Astronomers say they’ve learned more about the first known object to enter our solar system from deep space, including its size and colour.
New data from the European Southern Observatory’s telescopes and others around the world have revealed that the asteroid — spotted last month, already speeding away from the sun — is rocky, cigar-shaped and about 400 metres long.
It’s believed the interstellar interloper could be one tenth as wide as it is long.
The researchers were even able to determine its colour: it has a reddish hue.
The discovery was an exciting one for the astronomical community as it was the first recorded visitor from beyond our solar system.
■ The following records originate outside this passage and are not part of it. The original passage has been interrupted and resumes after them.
text \<open>An infimum over a parameter of a jointly sublinear family is sublinear; \<open>flatten\<close> and
  \<open>quotient_norm\<close> below are of this form.\<close>

context
  fixes F :: "('a \<Rightarrow> real) \<Rightarrow> real \<Rightarrow> real" and S :: "real set" and L :: "('a \<Rightarrow> real) \<Rightarrow> real"
  assumes S0: "0 \<in> S"
    and S_add: "\<And>s s'. s \<in> S \<Longrightarrow> s' \<in> S \<Longrightarrow> s + s' \<in> S"
    and S_scale: "\<And>c s. 0 < c \<Longrightarrow> s \<in> S \<Longrightarrow> c * s \<in> S"
    and F_add: "\<And>x y s s'. x \<in> X \<Longrightarrow> y \<in> X \<Longrightarrow> s \<in> S \<Longrightarrow> s' \<in> S \<Longrightarrow>
                  F (\<lambda>t. x t + y t) (s + s') \<le> F x s + F y s'"
    and F_scale: "\<And>x s c. x \<in> X \<Longrightarrow> s \<in> S \<Longrightarrow> 0 \<le> c \<Longrightarrow> F (\<lambda>t. c * x t) (c * s) = c * F x s"
    and F_lower: "\<And>x s. x \<in> X \<Longrightarrow> s \<in> S \<Longrightarrow> L x \<le> F x s" and L0: "L (\<lambda>_. 0) = 0"
    and F_norm: "\<And>x. x \<in> X \<Longrightarrow> F x 0 \<le> N x"
begin

lemma parametric_INF_le: "x \<in> X \<Longrightarrow> s \<in> S \<Longrightarrow> (INF s\<in>S. F x s) \<le> F x s"
  using F_lower by (intro cINF_lower bdd_belowI2) auto

lemma le_parametric_INF: "(\<And>s. s \<in> S \<Longrightarrow> c \<le> F x s) \<Longrightarrow> c \<le> (INF s\<in>S. F x s)"
  using S0 by (intro cINF_greatest) auto

lemma parametric_INF_add:
  assumes x: "x \<in> X" and y: "y \<in> X"
  shows "(INF s\<in>S. F (\<lambda>t. x t + y t) s) \<le> (INF s\<in>S. F x s) + (INF s\<in>S. F y s)"
proof -
  have "(INF s\<in>S. F (\<lambda>t. x t + y t) s) - F x s \<le> (INF s\<in>S. F y s)" if s: "s \<in> S" for s
    using parametric_INF_le[OF add_mem[OF x y] S_add[OF s]] F_add[OF x y s]
    by (intro le_parametric_INF) fastforce
  then have "(INF s\<in>S. F (\<lambda>t. x t + y t) s) - (INF s\<in>S. F y s) \<le> (INF s\<in>S. F x s)"
    by (intro le_parametric_INF) (simp add: algebra_simps)
  then show ?thesis
    by simp
qed
lemma deg_minus_single:
  "Poly_Mapping.lookup m p > 0 \<Longrightarrow> deg m = deg (m - Poly_Mapping.single p 1) + 1"
  by (metis single_add_minus_single deg_add_single)

definition psi2_b :: "mon \<times> lat \<Rightarrow> vec" where
  "psi2_b = (\<lambda>(m, \<gamma>). vscale ((-1) ^ deg m) (basis (m, (\<lambda>i. - \<gamma> i))))"

lemma psi2_eq_ext: "psi2 = ext psi2_b"
  by (simp add: psi2_def psi2_b_def)

lemma psi2_b_VL: "psi2_b b \<in> VL"
  by (auto simp: psi2_b_def VL_vscale VL_basis split: prod.split)

lemma linear_VL_psi2: "linear_VL psi2"
  unfolding psi2_eq_ext by (rule linear_VL_ext[OF psi2_b_VL])

lemma psi2_basis: "psi2 (basis (m, \<gamma>)) = vscale ((-1) ^ deg m) (basis (m, (\<lambda>i. - \<gamma> i)))"
  by (simp add: psi2_eq_ext ext_basis psi2_b_def)

lemma psi2_heis_b: "ext psi2_b (heis_b i n b) = vscale (-1) (ext (heis_b i n) (psi2_b b))"
proof -
  obtain m \<gamma> where b: "b = (m, \<gamma>)" by fastforce
  let ?p = "(i, nat (n - 1))"
  consider "n < 0" | "n = 0" | "n > 0" "Poly_Mapping.lookup m ?p = 0"
    | "n > 0" "Poly_Mapping.lookup m ?p > 0" by linarith
  then show ?thesis
  proof cases
    case 1
    then show ?thesis
      by (simp add: b heis_b_def psi2_b_def ext_basis ext_vscale_basis deg_add_single[simplified])
         (simp add: vscale_def fun_eq_iff)
  next
    case 4
    then have "deg m = deg (m - Poly_Mapping.single ?p 1) + 1"
      by (intro deg_minus_single)
    with 4 show ?thesis
      by (simp add: b heis_b_def psi2_b_def ext_basis ext_vscale_basis)
         (simp add: vscale_def fun_eq_iff)
  qed (simp_all add: b heis_b_def psi2_b_def ext_basis ext_vscale_basis, simp_all add: vscale_def fun_eq_iff)
qed

lemma psi2_heis: "w \<in> VL \<Longrightarrow> psi2 (heis i n w) = vscale (-1) (heis i n (psi2 w))"
  unfolding psi2_eq_ext heis_def
  by (rule ext_intertwine[OF _ psi2_b_VL heis_b_VL psi2_heis_b])

lemma intertwines_heisL_psi2: "intertwines_heisL psi2 \<beta> (\<lambda>k. - \<beta> k)"
  by (simp add: intertwines_heisL_def linear_VL_psi2 heisL_intertwine[OF linear_VL_psi2 psi2_heis]
      heisL_uminus)

lemma psi2_vop_b: "ext psi2_b (vop_b \<beta> n b) = ext (vop_b (\<lambda>k. - \<beta> k) n) (psi2_b b)"
proof -
  obtain m \<gamma> where b: "b = (m, \<gamma>)" by fastforce
  have ip: "ip (\<lambda>k. - \<beta> k) (\<lambda>i. - \<gamma> i) = ip \<beta> \<gamma>"
    by (simp add: ip_def)
  have latadd: "latadd (\<lambda>k. - \<beta> k) (\<lambda>i. - \<gamma> i) = (\<lambda>i. - latadd \<beta> \<gamma> i)"
    by (simp add: latadd_def fun_eq_iff)
  have "psi2 (vop_b \<beta> n (m, \<gamma>)) = vscale ((-1) ^ deg m) (vop_b (\<lambda>k. - \<beta> k) n (m, (\<lambda>i. - \<gamma> i)))"
    unfolding vop_b_intertwine[OF intertwines_heisL_psi2]
    unfolding vop_b_eq vscale_sum ip latadd psi2_basis vscale_if_zero
    by (intro sum.cong refl) (simp add: vscale_Sminus_Tplus VL_basis)
  then show ?thesis
    by (simp add: b psi2_eq_ext psi2_b_def ext_vscale_basis)
qed

lemma psi2_vop:
  assumes "w \<in> VL"
  shows "psi2 (vop \<beta> n w) = vop (\<lambda>k. - \<beta> k) n (psi2 w)"
proof -
  have fg: "ext psi2_b (vop_b \<beta> n b) = vscale 1 (ext (vop_b (\<lambda>k. - \<beta> k) n) (psi2_b b))" for b
    using psi2_vop_b by simp
  show ?thesis
    using ext_intertwine[OF assms psi2_b_VL vop_b_VL fg] by (simp add: psi2_eq_ext vop_def)
qed

definition lat_parity :: "lat \<Rightarrow> complex" where
  "lat_parity \<gamma> = (if even (\<gamma> I1 + \<gamma> I2 + \<gamma> I3) then 1 else -1)"

definition parity_b :: "mon \<times> lat \<Rightarrow> vec" where
  "parity_b = (\<lambda>(m, \<gamma>). vscale (lat_parity \<gamma>) (basis (m, \<gamma>)))"

definition parity_aut :: "vec \<Rightarrow> vec" where
  "parity_aut = ext parity_b"

lemma parity_b_VL: "parity_b b \<in> VL"
  by (auto simp: parity_b_def VL_vscale VL_basis split: prod.split)

lemma linear_VL_parity_aut: "linear_VL parity_aut"
  unfolding parity_aut_def by (rule linear_VL_ext[OF parity_b_VL])

lemma parity_aut_basis: "parity_aut (basis (m, \<gamma>)) = vscale (lat_parity \<gamma>) (basis (m, \<gamma>))"
  by (simp add: parity_aut_def ext_basis parity_b_def)
definition G2 :: "real \<Rightarrow> complex^'n^'n \<Rightarrow> complex^'n^'n \<Rightarrow> complex^'n^'n \<Rightarrow>
    ('n::finite \<Rightarrow> real) \<Rightarrow> ('n \<Rightarrow> complex^'n) \<Rightarrow> complex^3^3" where
  "G2 u \<rho> \<rho>1 \<rho>2 p e = (let g = (\<lambda>a::3. if a = 1 then gamma_op u p e \<rho>1 else gamma_op u p e \<rho>2) in
     (\<chi> a b. if a = 0 \<and> b = 0 then 1/4 else if a = 0 \<or> b = 0 then 0
             else trace (cadj (g a) ** \<rho> ** g b)))"

definition G3 :: "real \<Rightarrow> complex^'n^'n \<Rightarrow> complex^'n^'n \<Rightarrow>
    ('n::finite \<Rightarrow> real) \<Rightarrow> ('n \<Rightarrow> complex^'n) \<Rightarrow> complex^3^3" where
  "G3 u \<rho>1 \<rho>2 p e = (let g = (\<lambda>a::3. if a = 1 then gamma_op u p e \<rho>1 else gamma_op u p e \<rho>2);
                            r = (\<lambda>a::3. if a = 1 then \<rho>1 else \<rho>2) in
     (\<chi> a b. if a = 0 \<and> b = 0 then - 1/2 else if a = 0 \<or> b = 0 then 0
             else trace (r a ** g b)))"

section \<open>6x6 block matrices; index type 3 + 3: Inl a = row a+1, Inr a = row a+4\<close>

definition blk6 :: "'a^3^3 \<Rightarrow> 'a^3^3 \<Rightarrow> 'a^3^3 \<Rightarrow> 'a^3^3 \<Rightarrow> 'a^(3+3)^(3+3)" where
  "blk6 A B C D = (\<chi> i j. case i of
       Inl a \<Rightarrow> (case j of Inl b \<Rightarrow> A$a$b | Inr b \<Rightarrow> B$a$b)
     | Inr a \<Rightarrow> (case j of Inl b \<Rightarrow> C$a$b | Inr b \<Rightarrow> D$a$b))"
theorem lemma2p1:
  fixes scale :: "'k::field \<Rightarrow> 'm::ab_group_add \<Rightarrow> 'm" and n :: nat and q :: 'k
    and T :: "nat \<Rightarrow> 'm \<Rightarrow> 'm" and U :: "nat \<Rightarrow> 'm set"
  assumes H: "hecke_module scale n q T" and n: "1 \<le> n"
    and U: "(\<forall>i\<in>{1..<n}. U i = {v. T i v - scale q v = 0})
          \<or> (\<forall>i\<in>{1..<n}. U i = range (\<lambda>v. T i v + v))"
  shows
    \<comment> \<open>(i)\<close>
    "(\<forall>i<n. (\<forall>v\<in>Ups U i. hx T i v \<in> Ups U (Suc i))
           \<and> (\<forall>v\<in>Sig scale n U i. hy scale n q T i v \<in> Sig scale n U (Suc i)))
     \<comment> \<open>(ii): x_i y_i induces a linear map s_i : K_i \<rightarrow> K_(i+1)\<close>
     \<and> (\<forall>i<n. Vector_Spaces.linear scale scale (\<lambda>v. hx T i (hy scale n q T i v))
           \<and> (\<forall>v\<in>Ups U i. hx T i (hy scale n q T i v) \<in> Ups U (Suc i))
           \<and> (\<forall>v\<in>Ups U i \<inter> Sig scale n U i.
                 hx T i (hy scale n q T i v) \<in> Ups U (Suc i) \<inter> Sig scale n U (Suc i)))
     \<comment> \<open>(iii): d_(i+1) s_i + s_(i-1) d_i = [n]_q Id on K_i, with s_(-1) = 0, s_n = 0\<close>
     \<and> (\<forall>i\<le>n. \<forall>v\<in>Ups U i.
           Keq scale n U i
             ((if i < n then hx T i (hy scale n q T i v) else 0)
              + (if 0 < i then hx T (i - 1) (hy scale n q T (i - 1) v) else 0))
             (scale (qint n q) v))
     \<comment> \<open>consequence: exactness\<close>
     \<and> (qint n q \<noteq> 0 \<longrightarrow> K_exact scale n U)"
proof -
  interpret hecke_flag scale n q T U
    using hecke_module_imp_hecke_rep[OF H] U by (simp add: hecke_flag_def hecke_flag_axioms_def)
  have "Vector_Spaces.linear scale scale (\<lambda>v. hx T i (hy scale n q T i v))" if "i < n" for i
    using module_hom_compose[OF hy_hom hx_hom[OF that]] by (simp add: comp_def module_hom_iff_linear)
  then show ?thesis
    using hx_maps_Ups hy_maps_Sig hx_hy_maps_Ups hx_hy_maps_Sig homotopy_formula K_exact_if_qint_nonzero
    by simp
qed

end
“For decades we’ve theorized that such interstellar objects are out there, and now — for the first time — we have direct evidence they exist,” said Thomas Zurbuchen, associate administrator for NASA’s Science Mission Directorate in a statement about the new findings published Monday in the journal Nature.
The object was discovered by Canadian astronomer Robert Weryk at the University of Hawaii Institute for Astronomy. He came across the image that was taken as part of the Pan-STARRS survey, which is looking for near-Earth objects.
Initially it was believed that it came from within our solar system, but a look back at an image from the night before in the same general area revealed a trajectory that took the asteroid far outside our solar system, originating in the direction of the star Vega. (Though because the stars are moving, Vega wouldn’t have been there when the asteroid started its journey).
The object, named 1I/2017 U1 — or “Oumuamua” a Hawaiian word for scout or messenger from the distant past — varies in brightness by a factor of 10. It’s believed that this is caused as it rotates on its axis once every 7.3 hours. It’s the first time an asteroid has varied so much in brightness. Oumuamua is likely made up of rock and metals, but has no water or ice.
Astronomers are still tracking the asteroid as it travels about 38.3 km/s. It will pass Jupiter’s orbit — though on an inclined plane compared to the orbits of the planets — in May 2018.
“Certainly this is a new type of object. It’ll go a long way to improving our understanding as to how the solar system formed and evolved,” Weryk told CBC News at the time of discovery.
“I’m certainly interested in finding more of these.”